Thursday, September 13, 2012

A different river


For the second time this semester, I read something interesting in the news.  Here, see for yourself.

Which got me thinking about Ezra Pound, so I’m reading again the following poem Jim discussed at the Workshop this summer.  This is a fine complement to the news article, which mentions Pound’s Chinese studies multiple times, but does not include an example.

The River-Merchant’s Wife: A Letter

By Ezra Pound

After Li Po

While my hair was still cut straight across my forehead
I played about the front gate, pulling flowers.
You came by on bamboo stilts, playing horse,
You walked about my seat, playing with blue plums.   
And we went on living in the village of Chōkan:
Two small people, without dislike or suspicion.   
At fourteen I married My Lord you.
I never laughed, being bashful.
Lowering my head, I looked at the wall.
Called to, a thousand times, I never looked back.

At fifteen I stopped scowling,
I desired my dust to be mingled with yours
Forever and forever, and forever.
Why should I climb the look out?

At sixteen you departed
You went into far Ku-tō-en, by the river of swirling eddies,
And you have been gone five months.
The monkeys make sorrowful noise overhead.

You dragged your feet when you went out.
By the gate now, the moss is grown, the different mosses,
Too deep to clear them away!
The leaves fall early this autumn, in wind.
The paired butterflies are already yellow with August
Over the grass in the West garden;
They hurt me.
I grow older.
If you are coming down through the narrows of the river Kiang,
Please let me know beforehand,
And I will come out to meet you
                        As far as Chō-fū-Sa.
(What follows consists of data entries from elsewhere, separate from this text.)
theorem proposition3p1:
  fixes H T lam w :: real and \<alpha> :: complex
  assumes "1/2 < H" and "H < 1" and "T > 0" and "lam > 0"
    and "\<alpha> = complex_of_real lam - \<i> * complex_of_real w"
  shows "(\<forall>t\<in>{0..<T}. set_integrable lborel (cube4 T) (tensor_integrand H (psi T \<alpha> t)))
    \<and> (lam < 1 - H \<longrightarrow>
         Limsup (at_left T) (\<lambda>t. ereal ((T - t) powr (2 * (1 - H - lam)) * second_moment_G H T \<alpha> t)) < \<infinity>)
    \<and> (lam = 1 - H \<longrightarrow>
         Limsup (at_left T) (\<lambda>t. ereal (second_moment_G H T \<alpha> t / (- ln (T - t)))) < \<infinity>)
    \<and> (1 - H < lam \<and> lam < 1 \<longrightarrow>
         (\<exists>L::real. ((\<lambda>t. second_moment_G H T \<alpha> t) \<longlongrightarrow> L) (at_left T)))"
proof -
  have Re_\<alpha>: "Re \<alpha> = lam"
    using assms(5) by simp
  have "set_integrable lborel (cube4 T) (tensor_integrand H (psi T \<alpha> t))" if "t \<in> {0..<T}" for t
    using that assms(4) Re_\<alpha> by (intro set_integrable_tensor_psi_before_T[OF assms(1,2)]) auto
  moreover have "Limsup (at_left T) (\<lambda>t. ereal ((T - t) powr (2 * (1 - H - lam)) * second_moment_G H T \<alpha> t)) < \<infinity>"
    if "lam < 1 - H"
    using second_moment_rate_subcritical[OF assms(1,3), of \<alpha>] that assms(4) unfolding Re_\<alpha> by simp
  moreover have "Limsup (at_left T) (\<lambda>t. ereal (second_moment_G H T \<alpha> t / (- ln (T - t)))) < \<infinity>"
    if "lam = 1 - H"
    using second_moment_rate_critical[OF assms(1-3), of \<alpha>] that unfolding Re_\<alpha> by simp
  moreover have "((\<lambda>t. second_moment_G H T \<alpha> t) \<longlongrightarrow> second_moment_G H T \<alpha> T) (at_left T)"
    if "1 - H < lam"
    using second_moment_tendsto_supercritical[OF assms(1-3), of \<alpha>] that unfolding Re_\<alpha> by simp
  ultimately show ?thesis
    by blast
qed

end
(* Let $\xi$ be a DoS sequence that is not an edge case, and let $\hat{B}_d(t)$ and $\hat{B}_f(t)$ be generated by the DoS estimator with parameters $2\leqslant \ell\in\mathbb{N}_+$, $0<\epsilon_0<1$, $0<\theta<1$. Then there exists a finite $T\geqslant 0$ such that $\hat{B}_d(t)\in\mathcal{D}(\xi)$ and $\hat{B}_f(t)\in\mathcal{F}(\xi)$ for all $t\geqslant T$.
   Context: A DoS sequence $\xi=\{H_n\}$ is a finite or infinite sequence of sets $H_n := \{h_n\}\cup[h_n,h_n+\tau_n)$, where $h_1\geqslant 0$, $\tau_n\geqslant 0$ and $h_{n+1} > h_n+\tau_n$ for all $n$. If $\xi$ has only $m$ elements, the convention $h_{n}=h_{n}+\tau_{n}=+\infty$ for $n>m$ is used. For $0\leqslant \tau\leqslant s$ let $\Xi(\tau,s) := \bigcup_n H_n\cap[\tau,s]$ and $n_\xi(\tau,s) := \operatorname{card}(\{h_n\}_n\cap[\tau,s])$; $\lvert\cdot\rvert$ denotes Lebesgue measure. A constant $B_d\in[0,1]$ is a duration-bound of $\xi$ if there is a constant $0<\kappa<+\infty$ with $\lvert \Xi(0,t)\rvert\leqslant \kappa + B_d t$ for all $t\geqslant 0$. A constant $B_f\in[0,+\infty)$ is a frequency-bound of $\xi$ if there is an integer $0<\Lambda<+\infty$ with $n_\xi(0,t)\leqslant \Lambda + B_f t$ for all $t\geqslant 0$; if no such finite $B_f$ exists, the frequency-bound is defined to be $+\infty$. $\mathcal{D}(\xi)$ and $\mathcal{F}(\xi)$ denote the sets of all duration-bounds and frequency-bounds of $\xi$. $\xi$ is an edge case if (i) $\inf\mathcal{D}(\xi)=1$, or (ii) $\inf\mathcal{F}(\xi)=+\infty$, or (iii) for every $\Gamma\in(0,+\infty)$ there is $n$ with $\tau_n>\Gamma$. DoS estimator: with $B_d(i) := \frac{\lvert \Xi(0,h_i+\tau_i)\rvert}{h_i+\tau_i}$ and $B_f(i) := \frac{i}{h_i}$, $\hat B_d(t) = \epsilon_0$ for $t\in[0,h_\ell+\tau_\ell)$ and $\hat B_d(t) = \max_{\ell\leqslant i\leqslant n}\{\epsilon_0,\ \theta B_d(i)+(1-\theta)\}$ for $t\in[h_n+\tau_n, h_{n+1}+\tau_{n+1})$, $n\geqslant \ell$; $\hat B_f(t) = \epsilon_0$ for $t\in[0,h_\ell)$ and $\hat B_f(t) = \max_{\ell\leqslant i\leqslant n}\{\epsilon_0,\ B_f(i)/\theta\}$ for $t\in[h_n,h_{n+1})$, $n\geqslant\ell$. *)

theory Defs
  imports "HOL-Analysis.Analysis" "HOL-Library.Extended_Nat"
begin

text \<open>A DoS sequence is given by h, tau :: nat => real (indices start at 1)
  and a length N :: enat (N = infinity for an infinite sequence).
  Index n is valid iff 1 <= n <= N.\<close>

definition valid_idx :: "enat \<Rightarrow> nat \<Rightarrow> bool" where
  "valid_idx N n \<longleftrightarrow> 1 \<le> n \<and> enat n \<le> N"

definition dos_seq :: "(nat \<Rightarrow> real) \<Rightarrow> (nat \<Rightarrow> real) \<Rightarrow> enat \<Rightarrow> bool" where
  "dos_seq h \<tau> N \<longleftrightarrow>
     (valid_idx N 1 \<longrightarrow> 0 \<le> h 1) \<and>
     (\<forall>n. valid_idx N n \<longrightarrow> 0 \<le> \<tau> n) \<and>
     (\<forall>n. valid_idx N n \<and> valid_idx N (Suc n) \<longrightarrow> h (Suc n) > h n + \<tau> n)"

definition Xi :: "(nat \<Rightarrow> real) \<Rightarrow> (nat \<Rightarrow> real) \<Rightarrow> enat \<Rightarrow> real \<Rightarrow> real \<Rightarrow> real set" where
  "Xi h \<tau> N a b = (\<Union>n\<in>{n. valid_idx N n}. insert (h n) {h n..<h n + \<tau> n}) \<inter> {a..b}"

definition n_xi :: "(nat \<Rightarrow> real) \<Rightarrow> enat \<Rightarrow> real \<Rightarrow> real \<Rightarrow> ereal" where
  "n_xi h N a b = (let S = (h ` {n. valid_idx N n}) \<inter> {a..b} in
                    if finite S then ereal (real (card S)) else \<infinity>)"

definition dur_bounds :: "(nat \<Rightarrow> real) \<Rightarrow> (nat \<Rightarrow> real) \<Rightarrow> enat \<Rightarrow> real set" where
  "dur_bounds h \<tau> N = {Bd. 0 \<le> Bd \<and> Bd \<le> 1 \<and>
     (\<exists>\<kappa>::real. 0 < \<kappa> \<and> (\<forall>t\<ge>0. measure lborel (Xi h \<tau> N 0 t) \<le> \<kappa> + Bd * t))}"

text \<open>Finite frequency bounds; the paper's convention "frequency-bound = +infinity"
  corresponds to this set being empty (its ereal infimum is then infinity).\<close>
definition freq_bounds :: "(nat \<Rightarrow> real) \<Rightarrow> enat \<Rightarrow> real set" where
  "freq_bounds h N = {Bf. 0 \<le> Bf \<and>
     (\<exists>\<Lambda>::nat. 0 < \<Lambda> \<and> (\<forall>t\<ge>0. n_xi h N 0 t \<le> ereal (real \<Lambda> + Bf * t)))}"

definition edge_case :: "(nat \<Rightarrow> real) \<Rightarrow> (nat \<Rightarrow> real) \<Rightarrow> enat \<Rightarrow> bool" where
  "edge_case h \<tau> N \<longleftrightarrow>
     Inf (dur_bounds h \<tau> N) = 1 \<or>
     Inf (ereal ` freq_bounds h N) = \<infinity> \<or>
     (\<forall>\<Gamma>::real. 0 < \<Gamma> \<longrightarrow> (\<exists>n. valid_idx N n \<and> \<tau> n > \<Gamma>))"

definition ext_h :: "(nat \<Rightarrow> real) \<Rightarrow> enat \<Rightarrow> nat \<Rightarrow> ereal" where
  "ext_h h N n = (if valid_idx N n then ereal (h n) else \<infinity>)"

definition ext_end :: "(nat \<Rightarrow> real) \<Rightarrow> (nat \<Rightarrow> real) \<Rightarrow> enat \<Rightarrow> nat \<Rightarrow> ereal" where
  "ext_end h \<tau> N n = (if valid_idx N n then ereal (h n + \<tau> n) else \<infinity>)"

definition Bd_i :: "(nat \<Rightarrow> real) \<Rightarrow> (nat \<Rightarrow> real) \<Rightarrow> enat \<Rightarrow> nat \<Rightarrow> real" where
  "Bd_i h \<tau> N i = measure lborel (Xi h \<tau> N 0 (h i + \<tau> i)) / (h i + \<tau> i)"

definition Bf_i :: "(nat \<Rightarrow> real) \<Rightarrow> nat \<Rightarrow> real" where
  "Bf_i h i = real i / h i"

definition Bd_hat :: "(nat \<Rightarrow> real) \<Rightarrow> (nat \<Rightarrow> real) \<Rightarrow> enat \<Rightarrow> nat \<Rightarrow> real \<Rightarrow> real \<Rightarrow> real \<Rightarrow> real" where
  "Bd_hat h \<tau> N l \<epsilon>0 \<theta> t =
     (if ereal t < ext_end h \<tau> N l then \<epsilon>0
      else (let n = (THE n. l \<le> n \<and> ext_end h \<tau> N n \<le> ereal t \<and> ereal t < ext_end h \<tau> N (Suc n))
            in Max ({\<epsilon>0} \<union> (\<lambda>i. \<theta> * Bd_i h \<tau> N i + (1 - \<theta>)) ` {l..n})))"

definition Bf_hat :: "(nat \<Rightarrow> real) \<Rightarrow> enat \<Rightarrow> nat \<Rightarrow> real \<Rightarrow> real \<Rightarrow> real \<Rightarrow> real" where
  "Bf_hat h N l \<epsilon>0 \<theta> t =
     (if ereal t < ext_h h N l then \<epsilon>0
      else (let n = (THE n. l \<le> n \<and> ext_h h N n \<le> ereal t \<and> ereal t < ext_h h N (Suc n))
            in Max ({\<epsilon>0} \<union> (\<lambda>i. Bf_i h i / \<theta>) ` {l..n})))"

end

(*
  Outside the edge cases, Inf D < 1, some finite frequency-bound exists (so only finitely many
  attacks start before any time t), and all durations are bounded by some \<Gamma>.  Both bound sets
  are upward closed and both estimators are running maxima that never drop below \<epsilon>0, so it
  suffices that each estimate eventually reaches a member of its set.

  Suppose no term \<theta> B_d(i) + (1 - \<theta>) with i \<ge> l exceeds Inf D.  Then every B_d(i) is at most
  b = (Inf D - 1 + \<theta>) / \<theta> < Inf D, and b is a duration-bound: if k is the last attack started
  by t, then |\<Xi>(0,t)| \<le> |\<Xi>(0,h_k+\<tau>_k)| = B_d(k) (h_k+\<tau>_k) \<le> b (t + \<Gamma>).  As b < Inf D, this
  forces max b \<epsilon>0 = \<epsilon>0 \<in> D.  In the same way, if no B_f(i)/\<theta> exceeds Inf F, then
  i \<le> \<theta> Inf F h_i for all i \<ge> l, so max (\<theta> Inf F) \<epsilon>0 is a frequency-bound, which forces \<epsilon>0 \<in> F.
*)

theory Submission
  imports Defs
begin

definition attacks_until :: "(nat \<Rightarrow> real) \<Rightarrow> enat \<Rightarrow> real \<Rightarrow> nat set" where
  "attacks_until h N t = {n. valid_idx N n \<and> h n \<le> t}"

lemma valid_idx_downward: "valid_idx N j \<Longrightarrow> 1 \<le> i \<Longrightarrow> i \<le> j \<Longrightarrow> valid_idx N i"
  unfolding valid_idx_def using order_trans[of "enat i" "enat j" N] by auto

lemma dos_seq_tau_nonneg: "dos_seq h \<tau> N \<Longrightarrow> valid_idx N n \<Longrightarrow> 0 \<le> \<tau> n"
  unfolding dos_seq_def by auto

lemma dos_seq_end_less_start:
  assumes d: "dos_seq h \<tau> N" and "valid_idx N j" and i: "1 \<le> i" and "i < j"
  shows "h i + \<tau> i < h j"
  using \<open>valid_idx N j\<close> \<open>i < j\<close>
proof (induction j)
  case 0
  then show ?case by simp
next
  case (Suc m)
  have vm: "valid_idx N m" using valid_idx_downward[OF Suc.prems(1)] i Suc.prems(2) by simp
  have step: "h m + \<tau> m < h (Suc m)" using d vm Suc.prems(1) unfolding dos_seq_def by blast
  show ?case
  proof (cases "i = m")
    case False
    then have "h i + \<tau> i < h m" using Suc.IH vm Suc.prems(2) by simp
    then show ?thesis using step dos_seq_tau_nonneg[OF d vm] by linarith
  qed (use step in simp)
qed

lemma dos_seq_first_end_less:
  assumes d: "dos_seq h \<tau> N" and "valid_idx N n" "2 \<le> n"
  shows "0 \<le> h 1 + \<tau> 1" and "h 1 + \<tau> 1 < h n"
proof -
  have "valid_idx N 1" using valid_idx_downward[OF \<open>valid_idx N n\<close>] \<open>2 \<le> n\<close> by simp
  then show "0 \<le> h 1 + \<tau> 1" using d unfolding dos_seq_def by auto
  show "h 1 + \<tau> 1 < h n" using dos_seq_end_less_start[OF d \<open>valid_idx N n\<close>] \<open>2 \<le> n\<close> by simp
qed

lemma dos_seq_start_pos:
  assumes "dos_seq h \<tau> N" "valid_idx N n" "2 \<le> n"
  shows "0 < h n"
  using dos_seq_first_end_less[OF assms] by linarith

lemma dos_seq_start_nonneg:
  assumes d: "dos_seq h \<tau> N" and v: "valid_idx N n"
  shows "0 \<le> h n"
proof (cases "n = 1")
  case True
  then show ?thesis using d v unfolding dos_seq_def by auto
next
  case False
  then have "2 \<le> n" using v by (simp add: valid_idx_def)
  then show ?thesis using dos_seq_start_pos[OF d v] by simp
qed

lemma dos_seq_strict_mono_end:
  assumes d: "dos_seq h \<tau> N"
  shows "strict_mono_on {n. valid_idx N n} (\<lambda>n. h n + \<tau> n)"
proof (rule strict_mono_onI)
  fix i j assume "i \<in> {n. valid_idx N n}" "j \<in> {n. valid_idx N n}" "i < j"
  then have "h i + \<tau> i < h j" "0 \<le> \<tau> j"
    using dos_seq_end_less_start[OF d] dos_seq_tau_nonneg[OF d] by (auto simp: valid_idx_def)
  then show "h i + \<tau> i < h j + \<tau> j" by linarith
qed

lemma dos_seq_strict_mono_start:
  assumes d: "dos_seq h \<tau> N"
  shows "strict_mono_on {n. valid_idx N n} h"
proof (rule strict_mono_onI)
  fix i j assume "i \<in> {n. valid_idx N n}" "j \<in> {n. valid_idx N n}" "i < j"
  then have "h i + \<tau> i < h j" "0 \<le> \<tau> i"
    using dos_seq_end_less_start[OF d] dos_seq_tau_nonneg[OF d] by (auto simp: valid_idx_def)
  then show "h i < h j" by linarith
qed

lemma Xi_subset_Icc: "Xi h \<tau> N a b \<subseteq> {a..b}"
  unfolding Xi_def by auto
            First, about the power of a title:  Had the title not called it a letter, would you have read this as a letter or as soliloquy?

It’s a Pound poem, it’s almost a whole page long, and my posts don’t have to be long, so I’m not going to try to talk about every image.  In fact, I’ll start by pointing out which parts of the first stanza that are not images:  went on living; without dislike or suspicion; bashful.  Of course, the bashful is backed up by the two images in the next two lines, and, because it, by virtue of its position towards the end of the stanza, draws and holds attention, it sets the tone for the poem, encouraging you to read every statement as an understatement, magnifying the images in your mind. 

It’s also quite impossible to catalog all of the internal rhyme, but let me at least point out the end-rhyme pattern of the first stanza:  Unrhymed lines (1, 4, 7, 10) alternate with off-rhymed couplets (flowers/horse in lines 2 and 3, Chōkan/suspicion in lines 5 and 6, bashful/wall in lines 8 and 9).

I’ll just skim the rest of the poem:  Admire the power of the interrogative Why should I climb the look out? at the end of the second stanza; two compelling images the river of swirling eddies and The monkeys make sorrowful noise overhead in the next stanza, as well as that stanza’s non-linear theme-rheme progression, with you as the running theme of the first three lines, setting up the thematic shift to The monkeys in the fourth line; and, in the closing stanza, the way Pound breathes life into the cliché You dragged your feet by means of the moss (different mosses!) growing at the spot where the feet were dragged, the powerful yellow with August, and the non-falsifiable ending If you are coming down through the narrows of the river Kiang,/Please let me know beforehand,/And I will come out to meet you/As far as Chō-fū-Sa.

I didn’t find a recording of this in the poet’s voice, but there’s much by Poundat PennSound, after listening to which you could try to imagine him reading this.